The dairy cattle sector is a vital contributor to U.S. beef supplies. With fluctuating beef cow inventories over the past decade, the U.S. dairy herd has offered a stable source of both feeder cattle and cull cows to fill beef demand. In 2016 the dairy sector contributed 5.7 billion pounds (22.7%) of beef through cull cows and finished dairy steers and heifers to the U.S. beef supply chain.
The percent contributed by the dairy industry has grown since 2002 when beef from dairy cattle contributed 17.9% of the U.S. beef supplies to 22.7% in 2016. While growth in the amount of beef produced from dairy steers and cull cows has not been steady, it is has less variability than beef from native cattle. Over the period of 2002 to 2016, U.S. commercial beef production peaked in 2002 at 27 billion pound, of which 4.8 billion pounds was from dairy cattle. Beef production in 2016 was 25.2 billion, of which 5.7 billion of those pounds was from dairy cattle.
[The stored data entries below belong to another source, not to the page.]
(* Let $W$ be a connected graphon. Then $\lambda_W\ge \dfrac{h_W^2}{8}$.
   Context: Let $I=[0,1]$ with Lebesgue measure $\mu_L$. A graphon is a measurable function $W:I^2\to I$ with $W(x,y)=W(y,x)$ for all $x,y$. Its degree function is $d_W(x)=\int_0^1 W(x,y)\,dy$. For measurable $A,B\subseteq I$ put $e_W(A,B)=\int_{A\times B}W$ and $\mathrm{vol}_W(A)=e_W(A,I)$. $W$ is connected if $e_W(A,A^c)\neq 0$ for every measurable $A\subseteq I$ with $0<\mu_L(A)<1$. The Cheeger constant is $h_W=\inf_{A:\,0<\mu_L(A)<1}\frac{e_W(A,A^c)}{\min\{\mathrm{vol}_W(A),\mathrm{vol}_W(A^c)\}}$. Let $\nu$ be the measure on $I$ with $d\nu=d_W\,d\mu_L$. For $f\in L^2(I,\nu)$ write $\|f\|_v^2=\int_0^1 f(x)^2d_W(x)\,dx$ and $\|df\|_e^2=\int_0^1\int_x^1 (f(y)-f(x))^2W(x,y)\,dy\,dx$. The bottom of the spectrum of the Laplacian is $\lambda_W=\inf\{\|df\|_e^2/\|f\|_v^2:\ f\in L^2(I,\nu),\ \int_0^1 f\,d_W\,dx=0,\ \|f\|_v\neq 0\}$. *)

theory Defs
  imports "HOL-Analysis.Analysis"
begin

text \<open>The unit interval I = [0,1] with Lebesgue measure. A graphon is represented
  by a function W :: real => real => real whose values on I x I matter.\<close>

abbreviation unitI :: "real set" where "unitI \<equiv> {0..1}"

definition graphon :: "(real \<Rightarrow> real \<Rightarrow> real) \<Rightarrow> bool" where
  "graphon W \<longleftrightarrow>
     (\<lambda>p. W (fst p) (snd p)) \<in> borel_measurable (lebesgue_on (unitI \<times> unitI)) \<and>
     (\<forall>x\<in>unitI. \<forall>y\<in>unitI. 0 \<le> W x y \<and> W x y \<le> 1) \<and>
     (\<forall>x\<in>unitI. \<forall>y\<in>unitI. W x y = W y x)"

definition degW :: "(real \<Rightarrow> real \<Rightarrow> real) \<Rightarrow> real \<Rightarrow> real" where
  "degW W x = integral\<^sup>L (lebesgue_on unitI) (\<lambda>y. W x y)"

definition eW :: "(real \<Rightarrow> real \<Rightarrow> real) \<Rightarrow> real set \<Rightarrow> real set \<Rightarrow> real" where
  "eW W A B = integral\<^sup>L (lebesgue_on (A \<times> B)) (\<lambda>p. W (fst p) (snd p))"

definition volW :: "(real \<Rightarrow> real \<Rightarrow> real) \<Rightarrow> real set \<Rightarrow> real" where
  "volW W A = eW W A unitI"

definition meas_subset :: "real set \<Rightarrow> bool" where
  "meas_subset A \<longleftrightarrow> A \<in> sets lebesgue \<and> A \<subseteq> unitI"

definition connected_graphon :: "(real \<Rightarrow> real \<Rightarrow> real) \<Rightarrow> bool" where
  "connected_graphon W \<longleftrightarrow>
     (\<forall>A. meas_subset A \<and> 0 < measure lebesgue A \<and> measure lebesgue A < 1
          \<longrightarrow> eW W A (unitI - A) \<noteq> 0)"

definition cheeger :: "(real \<Rightarrow> real \<Rightarrow> real) \<Rightarrow> real" where
  "cheeger W = Inf {eW W A (unitI - A) / min (volW W A) (volW W (unitI - A)) | A.
                      meas_subset A \<and> 0 < measure lebesgue A \<and> measure lebesgue A < 1}"

definition L2nu :: "(real \<Rightarrow> real \<Rightarrow> real) \<Rightarrow> (real \<Rightarrow> real) \<Rightarrow> bool" where
  "L2nu W f \<longleftrightarrow> f \<in> borel_measurable (lebesgue_on unitI) \<and>
     integrable (lebesgue_on unitI) (\<lambda>x. (f x)\<^sup>2 * degW W x)"

definition vnorm2 :: "(real \<Rightarrow> real \<Rightarrow> real) \<Rightarrow> (real \<Rightarrow> real) \<Rightarrow> real" where
  "vnorm2 W f = integral\<^sup>L (lebesgue_on unitI) (\<lambda>x. (f x)\<^sup>2 * degW W x)"

definition enorm2 :: "(real \<Rightarrow> real \<Rightarrow> real) \<Rightarrow> (real \<Rightarrow> real) \<Rightarrow> real" where
  "enorm2 W f = integral\<^sup>L (lebesgue_on unitI)
      (\<lambda>x. integral\<^sup>L (lebesgue_on {x..1}) (\<lambda>y. (f y - f x)\<^sup>2 * W x y))"

definition lambdaW :: "(real \<Rightarrow> real \<Rightarrow> real) \<Rightarrow> real" where
  "lambdaW W = Inf {enorm2 W f / vnorm2 W f | f.
      L2nu W f \<and> integral\<^sup>L (lebesgue_on unitI) (\<lambda>x. f x * degW W x) = 0 \<and> vnorm2 W f \<noteq> 0}"

end

theory Submission
  imports Defs "HOL-Probability.Distribution_Functions"
begin

text \<open>
  We prove the stronger bound \<open>h\<^sup>2/2 \<le> \<lambda>\<close>, by the continuous version of the proof of the
  Cheeger inequality for graphs. Let \<open>E(p)\<close> be the energy of \<open>p\<close> summed over all ordered pairs,
  i.e. twice \<open>\<parallel>dp\<parallel>\<^sub>e\<^sup>2\<close>. For \<open>p \<ge> 0\<close> whose superlevel sets \<open>S\<^sub>t = {p\<^sup>2 > t}\<close> never carry more
  than half of the volume, the coarea formula and the definition of \<open>h\<close> give
  \<open>2h\<parallel>p\<parallel>\<^sub>v\<^sup>2 \<le> \<integral>\<^sub>t e(S\<^sub>t, I - S\<^sub>t) + e(I - S\<^sub>t, S\<^sub>t) dt = \<integral>\<integral> |p(x)\<^sup>2 - p(y)\<^sup>2| W(x,y)\<close>, while the
  pointwise AM-GM bound \<open>h|a\<^sup>2 - b\<^sup>2| \<le> (a - b)\<^sup>2 + h\<^sup>2(a\<^sup>2 + b\<^sup>2)/2\<close> bounds the right-hand side by
  \<open>E(p) + h\<^sup>2\<parallel>p\<parallel>\<^sub>v\<^sup>2\<close>; hence \<open>h\<^sup>2\<parallel>p\<parallel>\<^sub>v\<^sup>2 \<le> E(p)\<close>. Given \<open>f\<close> of mean zero, subtract a median \<open>m\<close> of \<open>f\<close>
  with respect to \<open>\<nu>\<close> and apply this to the positive and negative parts of \<open>f - m\<close>: their energies
  add up to at most \<open>E(f)\<close>, their norms add up to \<open>\<parallel>f - m\<parallel>\<^sub>v\<^sup>2 \<ge> \<parallel>f\<parallel>\<^sub>v\<^sup>2\<close>.

  All of this is carried out for a symmetric Borel version \<open>w\<close> of \<open>W\<close> with \<open>ennreal\<close>-valued
  integrals, so that Tonelli's theorem applies without integrability side conditions.
\<close>

section \<open>Borel versions of Lebesgue measurable functions\<close>

lemma lebesgue_on_eq_lborel_AE:
  fixes h h0 :: "'a::euclidean_space \<Rightarrow> real"
  assumes S: "S \<in> sets borel" and h0[measurable]: "h0 \<in> borel_measurable borel"
    and ae: "AE x in lborel. x \<in> S \<longrightarrow> h x = h0 x" and out: "\<And>x. x \<notin> S \<Longrightarrow> h0 x = 0"
  shows "integral\<^sup>L (lebesgue_on S) h = integral\<^sup>L lborel h0"
    and "integrable (lebesgue_on S) h \<longleftrightarrow> integrable lborel h0"
    and "h \<in> borel_measurable (lebesgue_on S)"
proof -
  have S_lebesgue: "S \<in> sets lebesgue" using S by auto
  have ae_lebesgue: "AE x in lebesgue. h0 x = indicator S x *\<^sub>R h x"
    using AE_completion[OF ae] by eventually_elim (auto simp: out indicator_def)
  have h0_lebesgue: "h0 \<in> borel_measurable lebesgue" by (simp add: measurable_completion)
  have hS: "(\<lambda>x. indicator S x *\<^sub>R h x) \<in> borel_measurable lebesgue"
    by (rule borel_measurable_AE[OF h0_lebesgue ae_lebesgue])
  then show "h \<in> borel_measurable (lebesgue_on S)"
    using S_lebesgue by (subst borel_measurable_restrict_space_iff) auto
  have "integral\<^sup>L (lebesgue_on S) h = integral\<^sup>L lebesgue (\<lambda>x. indicator S x *\<^sub>R h x)"
    using S_lebesgue by (subst integral_restrict_space) auto
  also have "\<dots> = integral\<^sup>L lebesgue h0"
    by (rule integral_cong_AE[OF hS h0_lebesgue]) (use ae_lebesgue in auto)
  finally show "integral\<^sup>L (lebesgue_on S) h = integral\<^sup>L lborel h0"
    by (simp add: integral_completion)
  have "integrable (lebesgue_on S) h \<longleftrightarrow> integrable lebesgue (\<lambda>x. indicator S x *\<^sub>R h x)"
    using S_lebesgue by (subst integrable_restrict_space) auto
  also have "\<dots> \<longleftrightarrow> integrable lebesgue h0"
    by (rule integrable_cong_AE[OF hS h0_lebesgue]) (use ae_lebesgue in auto)
  finally show "integrable (lebesgue_on S) h \<longleftrightarrow> integrable lborel h0"
    by (simp add: integrable_completion)
qed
Finished dairy steers contribute more to U.S. beef supplies than culled dairy cows. Finished dairy steers contributed 2.9 billion pounds (10.8%) of total pounds harvested in 2002 and 3.5 billion pounds (13.8%) in 2016. Continued contributions from dairy steers can be expected with the dairy cowherd surpassing 2015 levels and reaching a new high since 2002. Increased cow numbers lead to more calves and in turn more steers reaching harvest. Cull dairy cows contributed 1.6 billion pounds (5.8%) in 2002 and 1.9 billion pounds (7.5%) in 2016. Dairy heifers provided 349 million pounds (1.3%) of beef in 2002 and 356 million pounds (1.41%) of beef in 2016.